Ganz klar: wir wollen am Ende unter den Top 8 stehen und uns für die DNL-Division I. im nächsten Jahr qualifizieren. Aber das wollen alle anderen auch! Und ich hab noch ein persönliches Ziel…

Und das wäre…?
Ich will mit meinem Team so auftreten, dass alle Gegner mit Respekt von uns sprechen. Zum Beispiel in puncto Einsatzbereitschaft, Auftreten und Fairplay. Ich will dass die anderen nicht gerne gegen uns antreten. Ganz nach dem Motto „Hart aber Fair“.

Eine letzte private Frage;. Sie pendeln jetzt nicht mehr nach München. Sehen Sie Ihre Frau Sandy jetzt öfter?
Nein, ganz im Gegenteil. Wenn sie gegen 15.00 Uhr vor der Arbeit heimkommt, mache ich mich auf den Weg ins Stadion. Und wenn ich gegen 22.00 Uhr zurückkomme, dann können wir uns schon fast wieder Gute Nacht sagen. Meine Frau hat es definitiv nicht leicht mit drei eishockeyverrückten Männern in der Familie.

Michael Bakos, vielen Dank fürs Interview und viel Erfolg in der neuen Saison.

mb

DNL: Zum Ende der Testspiele 2:4-Niederlage in Kaufbeuren

Im letzten der fünf Testspiele verlor das AEV-DNL-Team mit 2:4 (1:1. 0.3, 1:0) beim Ligarivalen ESV Kaufbeuren. Beide Teams mussten zahlreiche Stammspieler ersetzen, so dass der Test nur bedingt Rückschlüsse auf die Spielstärke der beiden Teams zuließ. Beim AEV fehlten die Nationalspieler Länger, Bakos und Szücs sowie die verletzten Hetzel und Traub.

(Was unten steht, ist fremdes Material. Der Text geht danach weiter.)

lemma fst_image_aff_conj_class:
  assumes "root_system \<Phi>" and "x0 \<in> aff_weyl \<Phi>"
  shows "fst ` conj_class (aff_weyl \<Phi>) aff_mult x0 = conj_class (weyl \<Phi>) weyl_mult (fst x0)"
proof
  have fst_aff_weyl: "fst ` aff_weyl \<Phi> \<subseteq> weyl \<Phi>" by (auto simp: aff_weyl_def)
  have "fst z \<in> conj_class (weyl \<Phi>) weyl_mult (fst x0)"
    if "z \<in> conj_class (aff_weyl \<Phi>) aff_mult x0" for z
    using conj_class_hom_image[OF fst_aff_weyl assms(2) _ that] by simp
  then show "fst ` conj_class (aff_weyl \<Phi>) aff_mult x0 \<subseteq> conj_class (weyl \<Phi>) weyl_mult (fst x0)"
    by blast
next
  show "conj_class (weyl \<Phi>) weyl_mult (fst x0) \<subseteq> fst ` conj_class (aff_weyl \<Phi>) aff_mult x0"
  proof
    fix a assume "a \<in> conj_class (weyl \<Phi>) weyl_mult (fst x0)"
    then obtain g where "a \<in> weyl \<Phi>" "g \<in> weyl \<Phi>" and conj: "weyl_mult g (fst x0) = weyl_mult a g"
      unfolding conj_class_def by blast
    have "fst x0 \<in> weyl \<Phi>" and "snd x0 \<in> coroot_lattice \<Phi>"
      using assms(2) unfolding aff_weyl_def by auto
    then have "snd x0 \<in> g ` coroot_lattice \<Phi>"
      by (simp add: weyl_image_coroot_lattice[OF assms(1) \<open>g \<in> weyl \<Phi>\<close>])
    then obtain w where w: "w \<in> coroot_lattice \<Phi>" "g w = snd x0" by (auto simp: image_iff)
    have "fst x0 0 = 0" using linear_weyl[OF \<open>fst x0 \<in> weyl \<Phi>\<close>] by (rule linear_0)
    then have "aff_mult (g, 0) x0 = aff_mult (a, w) (g, 0)"
      using conj w(2) by (simp add: aff_mult_def)
    moreover have "(a, w) \<in> aff_weyl \<Phi>" "(g, 0) \<in> aff_weyl \<Phi>"
      using \<open>a \<in> weyl \<Phi>\<close> \<open>g \<in> weyl \<Phi>\<close> w(1) zero_in_coroot_lattice by (auto simp: aff_weyl_def)
    ultimately have "(a, w) \<in> conj_class (aff_weyl \<Phi>) aff_mult x0"
      unfolding conj_class_def by (intro CollectI conjI bexI[of _ "(g, 0)"])
    then show "a \<in> fst ` conj_class (aff_weyl \<Phi>) aff_mult x0" by force
  qed
qed

theorem lemma2p1:
  fixes \<Phi> :: "'a::euclidean_space set"
    and x0 x y :: "('a \<Rightarrow> 'a) \<times> 'a"
  assumes "root_system \<Phi>"
    and "involution (aff_weyl \<Phi>) aff_mult aff_one x0"
    and "X = conj_class (aff_weyl \<Phi>) aff_mult x0"
    and "Xh = conj_class (weyl \<Phi>) weyl_mult (fst x0)"
    and "x \<in> X" and "y \<in> X"
  shows "(\<forall>k::nat. cg_dist weyl_mult Xh (fst x) (fst y) = enat k
                  \<longrightarrow> cg_dist aff_mult X x y \<ge> enat k)
         \<and> (\<not> cg_connected weyl_mult Xh \<longrightarrow> \<not> cg_connected aff_mult X)"
proof -
  have "x0 \<in> aff_weyl \<Phi>" using assms(2) unfolding involution_def by blast
  then have onto: "fst ` X = Xh"
    unfolding assms(3,4) by (rule fst_image_aff_conj_class[OF assms(1)])
  have commute: "weyl_mult (fst u) (fst v) = weyl_mult (fst v) (fst u)"
    if "aff_mult u v = aff_mult v u" for u v :: "('a \<Rightarrow> 'a) \<times> 'a"
    using arg_cong[OF that, of fst] by simp
  have "cg_dist weyl_mult Xh (fst x) (fst y) \<le> cg_dist aff_mult X x y"
    using cg_dist_image_le[of fst X Xh] onto commute by blast
  moreover have "cg_connected weyl_mult Xh" if "cg_connected aff_mult X"
    using cg_connected_image[OF onto _ that] commute by blast
  ultimately show ?thesis by auto
qed

end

Nach einem ausgeglichenen Startdrittel – in dem Neuzugang Matthias Merker den Kaufbeurer Führungstreffer in Überzahl ausgleichen konnte – leisteten sich die Augsburger im Mittelabschnitt zahlreiche unnötige Strafzeiten. Diese nutzten die Allgäuer zu drei Überzahltoren in Folge und entscheide somit das Spiel frühzeitig. Im Schlussabschnitt fingen sich die Augsburger wieder und konnten diesen mit 1:0 für sich gestalten. Torschütze war ebenfalls in Überzahl Donat Peter. Mit zwei Siegen und drei Niederlagen verlief die Testspielphase ergebnistechnisch insgesamt nicht ganz nach Wunsch, was auch an der Tatsache lag, dass man kaum einmal in der gewünschten Aufstellung antreten konnte. Jedoch ergaben sich für das Trainerteam sicherlich zahlreiche interessante Fingerzeige.
Da der AEV zum Punktspielstart am kommenden Wochenende spielfrei ist, tritt das Team von Neu-Trainer Michael Bakos erst am 9. Und 10.9.2017 wieder in Aktion. Dann geht es nach Iserlohn zum DNL-Punkspielstart.

mb

DNL: Keine Chance gegen Landshut

Zwei Niederlagen mussten das Team in den Vorbereitungsspielen gegen den Ligakonkurrenten EV Landshut hinnehmen. Zuhause zeigte das Bakos-Team beim 2:4 noch eine passable Leistung. Beim Rückspiel indes war man in allen Belangen unterlegen und verlor klar mit 0:5. Es bleibt also einiges zu tun bis zum Saisonstart Anfang September in Iserlohn. Die Treffer fuer den AEV erzielen Neuzugang Maximilian Merker und Marco Spruegel.

mb

DNL: Erfolgreicher Testspielstart

Einen erfolgreichen Start in die Vorbereitung feierte das neuformierte DNL-Team des AEV. Gegen dem ambitionierten DNL2-Meister aus dem Allgäu erzielten Adam Szuecs (4), TIm Bullnheimer (2), Lukas Traub, Donat Peter, Nicolas Baur, Maxi Merkel und Maxi Welz die Treffer. Trainer Michael Bakos konnte mit den gezeigten Leistungen zufrieden sein, auch wenn in so einer frühen Saisonphase noch Einiges zu verbessern ist. Die nächste Partie findet bereits am kommenden Mittwoch, den 16.8.2017 um 14.00 Uhr gegen den Ligarivalen EV Landshut im CFS statt.